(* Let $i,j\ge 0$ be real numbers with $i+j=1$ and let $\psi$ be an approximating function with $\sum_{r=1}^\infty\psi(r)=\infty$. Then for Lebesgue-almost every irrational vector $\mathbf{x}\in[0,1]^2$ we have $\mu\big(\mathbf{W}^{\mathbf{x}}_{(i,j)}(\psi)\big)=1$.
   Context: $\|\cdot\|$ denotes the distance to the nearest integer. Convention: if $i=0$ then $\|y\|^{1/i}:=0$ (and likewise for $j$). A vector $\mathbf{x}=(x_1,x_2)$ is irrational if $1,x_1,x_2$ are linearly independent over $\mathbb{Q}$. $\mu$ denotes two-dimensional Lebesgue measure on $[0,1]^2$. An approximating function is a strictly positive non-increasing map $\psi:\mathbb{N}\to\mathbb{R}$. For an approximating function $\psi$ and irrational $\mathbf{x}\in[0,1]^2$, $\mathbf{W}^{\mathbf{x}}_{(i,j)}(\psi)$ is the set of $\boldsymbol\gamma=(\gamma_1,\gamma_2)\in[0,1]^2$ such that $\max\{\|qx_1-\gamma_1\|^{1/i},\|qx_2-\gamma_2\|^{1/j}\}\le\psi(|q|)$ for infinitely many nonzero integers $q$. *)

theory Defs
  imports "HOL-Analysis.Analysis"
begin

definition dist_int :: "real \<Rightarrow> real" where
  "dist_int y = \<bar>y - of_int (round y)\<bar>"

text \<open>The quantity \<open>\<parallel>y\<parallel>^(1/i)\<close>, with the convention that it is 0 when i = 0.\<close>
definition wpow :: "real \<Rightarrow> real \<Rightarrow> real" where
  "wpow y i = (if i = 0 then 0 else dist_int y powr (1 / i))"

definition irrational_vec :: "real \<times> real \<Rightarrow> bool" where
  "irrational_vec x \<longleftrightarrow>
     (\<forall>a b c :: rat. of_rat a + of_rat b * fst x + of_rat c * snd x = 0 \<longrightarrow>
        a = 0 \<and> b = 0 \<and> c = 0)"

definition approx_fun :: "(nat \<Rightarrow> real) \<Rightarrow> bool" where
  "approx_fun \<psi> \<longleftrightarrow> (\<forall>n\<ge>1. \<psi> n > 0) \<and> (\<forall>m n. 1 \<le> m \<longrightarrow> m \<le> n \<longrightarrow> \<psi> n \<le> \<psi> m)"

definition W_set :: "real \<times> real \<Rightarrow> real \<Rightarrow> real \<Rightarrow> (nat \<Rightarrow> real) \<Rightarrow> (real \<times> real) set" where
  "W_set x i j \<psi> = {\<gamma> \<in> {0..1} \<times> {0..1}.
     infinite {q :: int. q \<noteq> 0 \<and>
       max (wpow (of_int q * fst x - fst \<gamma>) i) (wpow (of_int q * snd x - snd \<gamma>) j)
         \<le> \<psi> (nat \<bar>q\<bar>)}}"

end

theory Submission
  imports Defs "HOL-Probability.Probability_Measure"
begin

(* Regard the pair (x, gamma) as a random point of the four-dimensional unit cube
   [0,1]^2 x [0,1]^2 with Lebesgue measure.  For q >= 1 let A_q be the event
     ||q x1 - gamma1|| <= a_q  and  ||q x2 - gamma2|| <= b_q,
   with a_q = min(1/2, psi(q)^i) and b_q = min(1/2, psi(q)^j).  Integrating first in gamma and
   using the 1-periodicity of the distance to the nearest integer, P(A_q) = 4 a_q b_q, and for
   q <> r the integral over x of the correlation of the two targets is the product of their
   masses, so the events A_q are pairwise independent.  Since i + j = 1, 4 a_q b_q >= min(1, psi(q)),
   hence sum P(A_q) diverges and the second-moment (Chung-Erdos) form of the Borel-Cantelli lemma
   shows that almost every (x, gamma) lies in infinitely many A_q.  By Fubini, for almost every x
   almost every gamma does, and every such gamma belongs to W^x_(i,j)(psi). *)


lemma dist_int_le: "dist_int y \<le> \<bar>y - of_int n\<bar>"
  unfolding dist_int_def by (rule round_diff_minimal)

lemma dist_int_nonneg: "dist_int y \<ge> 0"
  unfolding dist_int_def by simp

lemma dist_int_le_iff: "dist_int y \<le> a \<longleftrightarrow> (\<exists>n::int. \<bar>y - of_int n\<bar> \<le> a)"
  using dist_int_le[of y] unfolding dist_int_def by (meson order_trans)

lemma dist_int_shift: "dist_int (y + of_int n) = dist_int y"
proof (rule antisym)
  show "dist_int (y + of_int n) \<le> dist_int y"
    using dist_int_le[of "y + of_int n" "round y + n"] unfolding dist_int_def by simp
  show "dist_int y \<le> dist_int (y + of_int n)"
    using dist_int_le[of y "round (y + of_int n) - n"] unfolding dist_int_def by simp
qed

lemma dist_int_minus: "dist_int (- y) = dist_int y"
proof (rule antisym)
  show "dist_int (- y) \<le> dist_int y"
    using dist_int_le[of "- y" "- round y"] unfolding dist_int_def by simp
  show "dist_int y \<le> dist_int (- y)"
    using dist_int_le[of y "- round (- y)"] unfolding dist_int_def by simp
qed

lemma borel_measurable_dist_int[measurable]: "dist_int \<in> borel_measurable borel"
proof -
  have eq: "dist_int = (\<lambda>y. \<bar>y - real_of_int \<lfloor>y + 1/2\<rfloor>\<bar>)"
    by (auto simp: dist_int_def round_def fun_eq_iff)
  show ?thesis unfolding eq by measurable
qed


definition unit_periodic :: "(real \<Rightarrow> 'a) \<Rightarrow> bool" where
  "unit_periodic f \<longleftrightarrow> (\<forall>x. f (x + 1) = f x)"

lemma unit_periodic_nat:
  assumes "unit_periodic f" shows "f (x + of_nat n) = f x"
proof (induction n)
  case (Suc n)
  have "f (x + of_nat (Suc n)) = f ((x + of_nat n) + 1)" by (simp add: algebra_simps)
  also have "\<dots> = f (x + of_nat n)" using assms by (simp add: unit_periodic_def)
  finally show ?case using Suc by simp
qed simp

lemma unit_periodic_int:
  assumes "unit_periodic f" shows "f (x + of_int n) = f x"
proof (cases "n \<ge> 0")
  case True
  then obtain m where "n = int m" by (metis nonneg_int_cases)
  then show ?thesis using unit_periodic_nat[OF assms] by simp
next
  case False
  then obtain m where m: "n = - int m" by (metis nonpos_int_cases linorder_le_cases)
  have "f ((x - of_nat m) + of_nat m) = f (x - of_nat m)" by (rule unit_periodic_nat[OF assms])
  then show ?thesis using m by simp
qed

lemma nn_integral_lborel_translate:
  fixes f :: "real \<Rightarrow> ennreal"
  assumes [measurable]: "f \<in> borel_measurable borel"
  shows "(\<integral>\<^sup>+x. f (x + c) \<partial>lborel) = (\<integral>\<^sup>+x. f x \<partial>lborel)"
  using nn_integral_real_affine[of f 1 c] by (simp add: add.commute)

━━━━━━━━━━━━━━━━

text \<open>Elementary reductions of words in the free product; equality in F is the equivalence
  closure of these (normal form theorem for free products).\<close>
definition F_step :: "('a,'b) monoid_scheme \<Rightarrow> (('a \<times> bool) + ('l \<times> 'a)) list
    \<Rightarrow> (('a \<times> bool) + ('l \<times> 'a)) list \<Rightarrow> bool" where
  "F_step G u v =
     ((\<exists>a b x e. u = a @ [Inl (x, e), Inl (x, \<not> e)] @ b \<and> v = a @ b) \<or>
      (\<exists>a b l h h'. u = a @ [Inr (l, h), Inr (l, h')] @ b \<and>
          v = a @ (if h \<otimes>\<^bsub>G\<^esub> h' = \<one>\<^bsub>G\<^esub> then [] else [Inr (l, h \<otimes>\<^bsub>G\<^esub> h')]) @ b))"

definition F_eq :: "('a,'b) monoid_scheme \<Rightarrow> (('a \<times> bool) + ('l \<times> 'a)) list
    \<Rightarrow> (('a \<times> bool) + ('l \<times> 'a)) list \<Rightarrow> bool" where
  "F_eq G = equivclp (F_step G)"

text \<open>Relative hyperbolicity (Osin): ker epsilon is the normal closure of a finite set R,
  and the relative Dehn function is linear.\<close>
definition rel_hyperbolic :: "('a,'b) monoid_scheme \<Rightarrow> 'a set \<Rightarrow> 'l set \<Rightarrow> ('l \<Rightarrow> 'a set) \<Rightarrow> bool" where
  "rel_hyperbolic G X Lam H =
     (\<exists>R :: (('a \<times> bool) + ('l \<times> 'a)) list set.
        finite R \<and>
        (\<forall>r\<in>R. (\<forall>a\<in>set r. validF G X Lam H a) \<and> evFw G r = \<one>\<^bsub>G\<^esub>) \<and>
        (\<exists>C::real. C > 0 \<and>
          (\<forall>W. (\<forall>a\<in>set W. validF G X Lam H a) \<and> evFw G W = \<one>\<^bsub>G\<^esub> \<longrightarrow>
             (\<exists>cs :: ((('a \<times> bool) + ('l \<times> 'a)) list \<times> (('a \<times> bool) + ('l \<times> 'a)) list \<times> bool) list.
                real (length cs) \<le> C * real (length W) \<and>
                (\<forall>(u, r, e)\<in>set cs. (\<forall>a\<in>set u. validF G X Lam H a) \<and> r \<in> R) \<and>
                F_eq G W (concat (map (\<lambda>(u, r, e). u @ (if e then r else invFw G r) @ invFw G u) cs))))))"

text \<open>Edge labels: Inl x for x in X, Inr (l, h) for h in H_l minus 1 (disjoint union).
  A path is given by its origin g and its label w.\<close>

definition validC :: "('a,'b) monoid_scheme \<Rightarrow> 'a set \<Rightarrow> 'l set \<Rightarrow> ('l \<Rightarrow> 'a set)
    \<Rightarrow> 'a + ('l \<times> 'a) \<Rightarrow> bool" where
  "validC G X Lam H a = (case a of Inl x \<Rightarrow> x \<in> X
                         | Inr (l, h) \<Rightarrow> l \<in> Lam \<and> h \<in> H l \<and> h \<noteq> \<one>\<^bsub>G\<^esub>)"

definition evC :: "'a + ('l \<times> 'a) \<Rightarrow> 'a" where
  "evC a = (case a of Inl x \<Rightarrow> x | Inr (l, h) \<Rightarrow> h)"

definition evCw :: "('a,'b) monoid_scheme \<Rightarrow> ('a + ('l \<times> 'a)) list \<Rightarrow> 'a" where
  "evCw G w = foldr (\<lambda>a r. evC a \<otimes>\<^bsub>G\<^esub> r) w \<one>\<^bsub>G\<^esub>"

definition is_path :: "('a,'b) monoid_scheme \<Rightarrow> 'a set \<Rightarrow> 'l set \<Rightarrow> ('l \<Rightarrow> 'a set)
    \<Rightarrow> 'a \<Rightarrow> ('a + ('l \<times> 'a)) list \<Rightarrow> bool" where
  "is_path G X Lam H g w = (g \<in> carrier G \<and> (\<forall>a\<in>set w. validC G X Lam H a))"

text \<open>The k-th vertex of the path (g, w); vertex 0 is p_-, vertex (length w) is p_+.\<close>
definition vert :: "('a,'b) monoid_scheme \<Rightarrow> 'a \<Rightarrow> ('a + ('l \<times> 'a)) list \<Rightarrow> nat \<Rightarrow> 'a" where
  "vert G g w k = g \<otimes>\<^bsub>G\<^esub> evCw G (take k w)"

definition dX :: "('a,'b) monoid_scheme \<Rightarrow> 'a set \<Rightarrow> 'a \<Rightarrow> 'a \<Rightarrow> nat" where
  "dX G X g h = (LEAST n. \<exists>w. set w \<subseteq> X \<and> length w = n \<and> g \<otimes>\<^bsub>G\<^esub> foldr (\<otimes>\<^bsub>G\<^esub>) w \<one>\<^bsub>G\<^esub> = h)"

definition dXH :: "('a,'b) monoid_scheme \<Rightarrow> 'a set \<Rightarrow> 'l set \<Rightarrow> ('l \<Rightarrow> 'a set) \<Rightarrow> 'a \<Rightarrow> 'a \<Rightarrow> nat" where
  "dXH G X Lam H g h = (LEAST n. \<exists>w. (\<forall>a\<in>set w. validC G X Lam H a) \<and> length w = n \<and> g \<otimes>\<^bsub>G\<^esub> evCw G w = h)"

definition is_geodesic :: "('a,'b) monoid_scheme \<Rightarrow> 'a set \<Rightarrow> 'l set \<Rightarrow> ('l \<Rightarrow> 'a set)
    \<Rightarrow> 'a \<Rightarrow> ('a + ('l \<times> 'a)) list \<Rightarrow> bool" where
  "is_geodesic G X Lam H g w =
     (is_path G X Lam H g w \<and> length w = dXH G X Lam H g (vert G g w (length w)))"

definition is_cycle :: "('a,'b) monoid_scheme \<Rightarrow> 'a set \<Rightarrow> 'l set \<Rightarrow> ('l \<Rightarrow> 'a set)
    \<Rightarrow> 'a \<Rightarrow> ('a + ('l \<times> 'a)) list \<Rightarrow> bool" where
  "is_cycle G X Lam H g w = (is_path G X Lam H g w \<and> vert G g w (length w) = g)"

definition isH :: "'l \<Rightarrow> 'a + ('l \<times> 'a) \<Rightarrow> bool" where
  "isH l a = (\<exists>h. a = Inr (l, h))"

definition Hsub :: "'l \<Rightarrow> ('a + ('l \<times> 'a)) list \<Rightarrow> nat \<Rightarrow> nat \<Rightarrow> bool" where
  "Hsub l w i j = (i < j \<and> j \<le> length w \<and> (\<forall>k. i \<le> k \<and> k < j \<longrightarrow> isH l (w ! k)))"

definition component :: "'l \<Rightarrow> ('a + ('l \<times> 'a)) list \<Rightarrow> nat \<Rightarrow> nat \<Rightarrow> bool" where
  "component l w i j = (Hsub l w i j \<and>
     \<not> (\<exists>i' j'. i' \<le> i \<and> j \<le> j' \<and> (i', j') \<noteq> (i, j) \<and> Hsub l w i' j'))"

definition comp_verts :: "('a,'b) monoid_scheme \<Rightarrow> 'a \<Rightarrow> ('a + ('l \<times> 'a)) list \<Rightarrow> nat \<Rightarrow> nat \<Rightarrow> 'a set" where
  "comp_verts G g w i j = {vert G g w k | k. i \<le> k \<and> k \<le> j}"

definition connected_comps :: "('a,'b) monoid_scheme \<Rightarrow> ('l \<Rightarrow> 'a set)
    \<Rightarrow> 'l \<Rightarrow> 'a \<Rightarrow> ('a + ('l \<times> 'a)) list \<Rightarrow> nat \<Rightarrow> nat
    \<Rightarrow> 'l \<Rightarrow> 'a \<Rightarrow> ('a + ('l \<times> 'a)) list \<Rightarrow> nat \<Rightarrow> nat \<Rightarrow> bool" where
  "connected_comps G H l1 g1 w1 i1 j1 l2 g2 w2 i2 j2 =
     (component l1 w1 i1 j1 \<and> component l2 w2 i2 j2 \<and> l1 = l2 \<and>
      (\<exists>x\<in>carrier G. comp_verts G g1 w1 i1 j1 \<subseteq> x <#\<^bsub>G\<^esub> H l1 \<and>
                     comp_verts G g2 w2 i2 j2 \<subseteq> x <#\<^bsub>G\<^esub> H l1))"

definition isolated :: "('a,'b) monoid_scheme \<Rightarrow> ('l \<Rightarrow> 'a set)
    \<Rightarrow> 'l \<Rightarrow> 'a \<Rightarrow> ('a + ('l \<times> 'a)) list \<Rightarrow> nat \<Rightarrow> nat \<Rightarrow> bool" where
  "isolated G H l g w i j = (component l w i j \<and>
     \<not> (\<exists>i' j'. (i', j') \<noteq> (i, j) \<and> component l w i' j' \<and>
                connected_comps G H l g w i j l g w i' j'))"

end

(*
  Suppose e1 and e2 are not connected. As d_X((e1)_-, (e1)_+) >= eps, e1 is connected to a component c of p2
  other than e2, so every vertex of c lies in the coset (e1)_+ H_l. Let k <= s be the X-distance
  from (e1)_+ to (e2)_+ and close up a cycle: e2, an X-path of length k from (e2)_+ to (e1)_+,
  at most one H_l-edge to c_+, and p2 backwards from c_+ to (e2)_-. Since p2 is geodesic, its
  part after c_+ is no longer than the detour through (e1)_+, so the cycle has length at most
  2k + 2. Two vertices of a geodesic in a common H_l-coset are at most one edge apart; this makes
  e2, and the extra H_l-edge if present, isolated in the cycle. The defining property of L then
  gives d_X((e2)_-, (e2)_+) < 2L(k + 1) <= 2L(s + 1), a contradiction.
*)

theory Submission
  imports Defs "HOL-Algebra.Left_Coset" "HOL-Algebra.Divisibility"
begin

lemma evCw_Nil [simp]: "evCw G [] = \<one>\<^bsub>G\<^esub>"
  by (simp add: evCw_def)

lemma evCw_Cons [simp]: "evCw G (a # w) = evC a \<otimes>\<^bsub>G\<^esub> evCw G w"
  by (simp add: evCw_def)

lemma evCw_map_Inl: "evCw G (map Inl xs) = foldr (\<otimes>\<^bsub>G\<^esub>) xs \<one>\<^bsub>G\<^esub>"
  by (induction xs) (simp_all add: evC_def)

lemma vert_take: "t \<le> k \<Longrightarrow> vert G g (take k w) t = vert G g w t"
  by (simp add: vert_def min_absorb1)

━━━━━━━━━━━━━━━━

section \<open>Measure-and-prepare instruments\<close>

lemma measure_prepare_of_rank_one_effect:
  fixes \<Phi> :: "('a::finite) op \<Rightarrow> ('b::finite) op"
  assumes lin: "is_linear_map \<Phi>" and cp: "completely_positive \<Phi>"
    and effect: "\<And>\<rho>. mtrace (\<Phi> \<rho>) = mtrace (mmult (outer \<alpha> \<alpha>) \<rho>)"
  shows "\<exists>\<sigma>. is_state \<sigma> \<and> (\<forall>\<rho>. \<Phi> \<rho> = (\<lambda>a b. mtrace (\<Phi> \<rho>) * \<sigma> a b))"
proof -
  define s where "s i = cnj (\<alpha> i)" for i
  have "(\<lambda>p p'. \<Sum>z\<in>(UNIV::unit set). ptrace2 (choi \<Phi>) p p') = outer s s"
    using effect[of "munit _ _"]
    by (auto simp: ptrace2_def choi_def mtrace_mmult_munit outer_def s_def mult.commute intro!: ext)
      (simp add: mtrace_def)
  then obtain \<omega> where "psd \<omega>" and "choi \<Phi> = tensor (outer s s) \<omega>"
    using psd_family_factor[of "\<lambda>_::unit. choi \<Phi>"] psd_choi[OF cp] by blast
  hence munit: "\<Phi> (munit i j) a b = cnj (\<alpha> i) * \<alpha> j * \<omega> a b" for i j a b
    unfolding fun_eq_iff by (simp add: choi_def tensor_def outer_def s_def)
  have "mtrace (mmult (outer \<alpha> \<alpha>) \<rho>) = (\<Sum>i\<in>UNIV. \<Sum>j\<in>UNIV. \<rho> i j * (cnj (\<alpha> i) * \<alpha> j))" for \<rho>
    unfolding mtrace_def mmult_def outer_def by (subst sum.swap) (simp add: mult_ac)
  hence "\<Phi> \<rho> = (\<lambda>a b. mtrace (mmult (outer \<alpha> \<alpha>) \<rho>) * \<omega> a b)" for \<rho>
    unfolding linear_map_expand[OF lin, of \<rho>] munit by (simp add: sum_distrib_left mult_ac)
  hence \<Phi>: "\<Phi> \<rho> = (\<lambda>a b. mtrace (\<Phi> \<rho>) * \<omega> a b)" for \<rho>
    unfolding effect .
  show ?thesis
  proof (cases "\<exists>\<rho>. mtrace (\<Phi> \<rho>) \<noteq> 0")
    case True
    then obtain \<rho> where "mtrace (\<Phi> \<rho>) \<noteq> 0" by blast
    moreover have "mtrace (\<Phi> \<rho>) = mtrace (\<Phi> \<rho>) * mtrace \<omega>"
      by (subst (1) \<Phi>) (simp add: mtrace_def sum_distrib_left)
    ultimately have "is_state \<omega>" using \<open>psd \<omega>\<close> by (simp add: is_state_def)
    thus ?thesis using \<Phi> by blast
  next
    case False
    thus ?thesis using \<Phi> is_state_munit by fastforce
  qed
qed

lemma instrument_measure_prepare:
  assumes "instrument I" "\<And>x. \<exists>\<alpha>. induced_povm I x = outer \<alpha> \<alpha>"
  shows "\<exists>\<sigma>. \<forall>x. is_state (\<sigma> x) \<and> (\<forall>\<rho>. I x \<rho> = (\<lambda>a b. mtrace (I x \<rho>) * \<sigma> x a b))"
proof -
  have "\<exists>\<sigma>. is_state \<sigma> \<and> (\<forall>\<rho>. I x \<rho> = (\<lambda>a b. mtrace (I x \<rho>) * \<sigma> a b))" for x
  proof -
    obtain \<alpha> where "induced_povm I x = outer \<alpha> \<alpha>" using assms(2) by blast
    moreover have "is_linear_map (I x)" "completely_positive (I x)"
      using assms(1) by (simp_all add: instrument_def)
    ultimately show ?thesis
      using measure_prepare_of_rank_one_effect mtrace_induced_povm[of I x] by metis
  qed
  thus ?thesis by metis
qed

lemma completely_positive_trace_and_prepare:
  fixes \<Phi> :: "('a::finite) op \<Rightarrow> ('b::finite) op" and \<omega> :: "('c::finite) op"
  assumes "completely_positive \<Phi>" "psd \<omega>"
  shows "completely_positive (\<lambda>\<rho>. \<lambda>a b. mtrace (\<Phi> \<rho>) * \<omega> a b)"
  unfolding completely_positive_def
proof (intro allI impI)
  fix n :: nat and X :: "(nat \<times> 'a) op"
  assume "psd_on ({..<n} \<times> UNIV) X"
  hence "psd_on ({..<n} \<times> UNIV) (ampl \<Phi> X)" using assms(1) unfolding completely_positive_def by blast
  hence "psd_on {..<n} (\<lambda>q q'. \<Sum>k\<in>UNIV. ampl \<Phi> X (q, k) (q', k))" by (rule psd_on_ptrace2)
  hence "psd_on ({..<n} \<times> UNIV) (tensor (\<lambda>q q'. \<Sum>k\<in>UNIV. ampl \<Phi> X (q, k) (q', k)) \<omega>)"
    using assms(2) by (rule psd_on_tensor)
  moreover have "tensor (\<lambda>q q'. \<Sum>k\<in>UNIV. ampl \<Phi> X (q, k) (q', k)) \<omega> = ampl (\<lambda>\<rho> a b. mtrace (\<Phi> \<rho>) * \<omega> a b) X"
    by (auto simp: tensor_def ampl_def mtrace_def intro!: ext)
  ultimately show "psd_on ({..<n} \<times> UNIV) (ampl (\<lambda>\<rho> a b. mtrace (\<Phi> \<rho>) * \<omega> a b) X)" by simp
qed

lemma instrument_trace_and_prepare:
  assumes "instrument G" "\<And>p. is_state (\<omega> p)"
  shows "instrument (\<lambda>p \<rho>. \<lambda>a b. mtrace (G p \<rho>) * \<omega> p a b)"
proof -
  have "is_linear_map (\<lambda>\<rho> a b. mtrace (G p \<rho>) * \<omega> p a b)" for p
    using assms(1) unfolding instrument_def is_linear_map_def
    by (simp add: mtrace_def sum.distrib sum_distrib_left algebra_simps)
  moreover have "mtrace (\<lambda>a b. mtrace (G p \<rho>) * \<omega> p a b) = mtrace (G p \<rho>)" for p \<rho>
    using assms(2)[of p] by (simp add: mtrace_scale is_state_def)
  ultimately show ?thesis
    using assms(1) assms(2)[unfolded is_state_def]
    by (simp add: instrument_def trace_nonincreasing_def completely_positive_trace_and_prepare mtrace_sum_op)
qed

━━━━━━━━━━━━━━━━

Description of the task: With the first line being the one containing "(\<exists>a b l" and the last line the one containing "(\<exists>C::real. C > 0 \<and>", transcribe exactly the lines above that fall in that range.

Response to the exercise:
      (\<exists>a b l h h'. u = a @ [Inr (l, h), Inr (l, h')] @ b \<and>
          v = a @ (if h \<otimes>\<^bsub>G\<^esub> h' = \<one>\<^bsub>G\<^esub> then [] else [Inr (l, h \<otimes>\<^bsub>G\<^esub> h')]) @ b))"

definition F_eq :: "('a,'b) monoid_scheme \<Rightarrow> (('a \<times> bool) + ('l \<times> 'a)) list
    \<Rightarrow> (('a \<times> bool) + ('l \<times> 'a)) list \<Rightarrow> bool" where
  "F_eq G = equivclp (F_step G)"

text \<open>Relative hyperbolicity (Osin): ker epsilon is the normal closure of a finite set R,
  and the relative Dehn function is linear.\<close>
definition rel_hyperbolic :: "('a,'b) monoid_scheme \<Rightarrow> 'a set \<Rightarrow> 'l set \<Rightarrow> ('l \<Rightarrow> 'a set) \<Rightarrow> bool" where
  "rel_hyperbolic G X Lam H =
     (\<exists>R :: (('a \<times> bool) + ('l \<times> 'a)) list set.
        finite R \<and>
        (\<forall>r\<in>R. (\<forall>a\<in>set r. validF G X Lam H a) \<and> evFw G r = \<one>\<^bsub>G\<^esub>) \<and>
        (\<exists>C::real. C > 0 \<and>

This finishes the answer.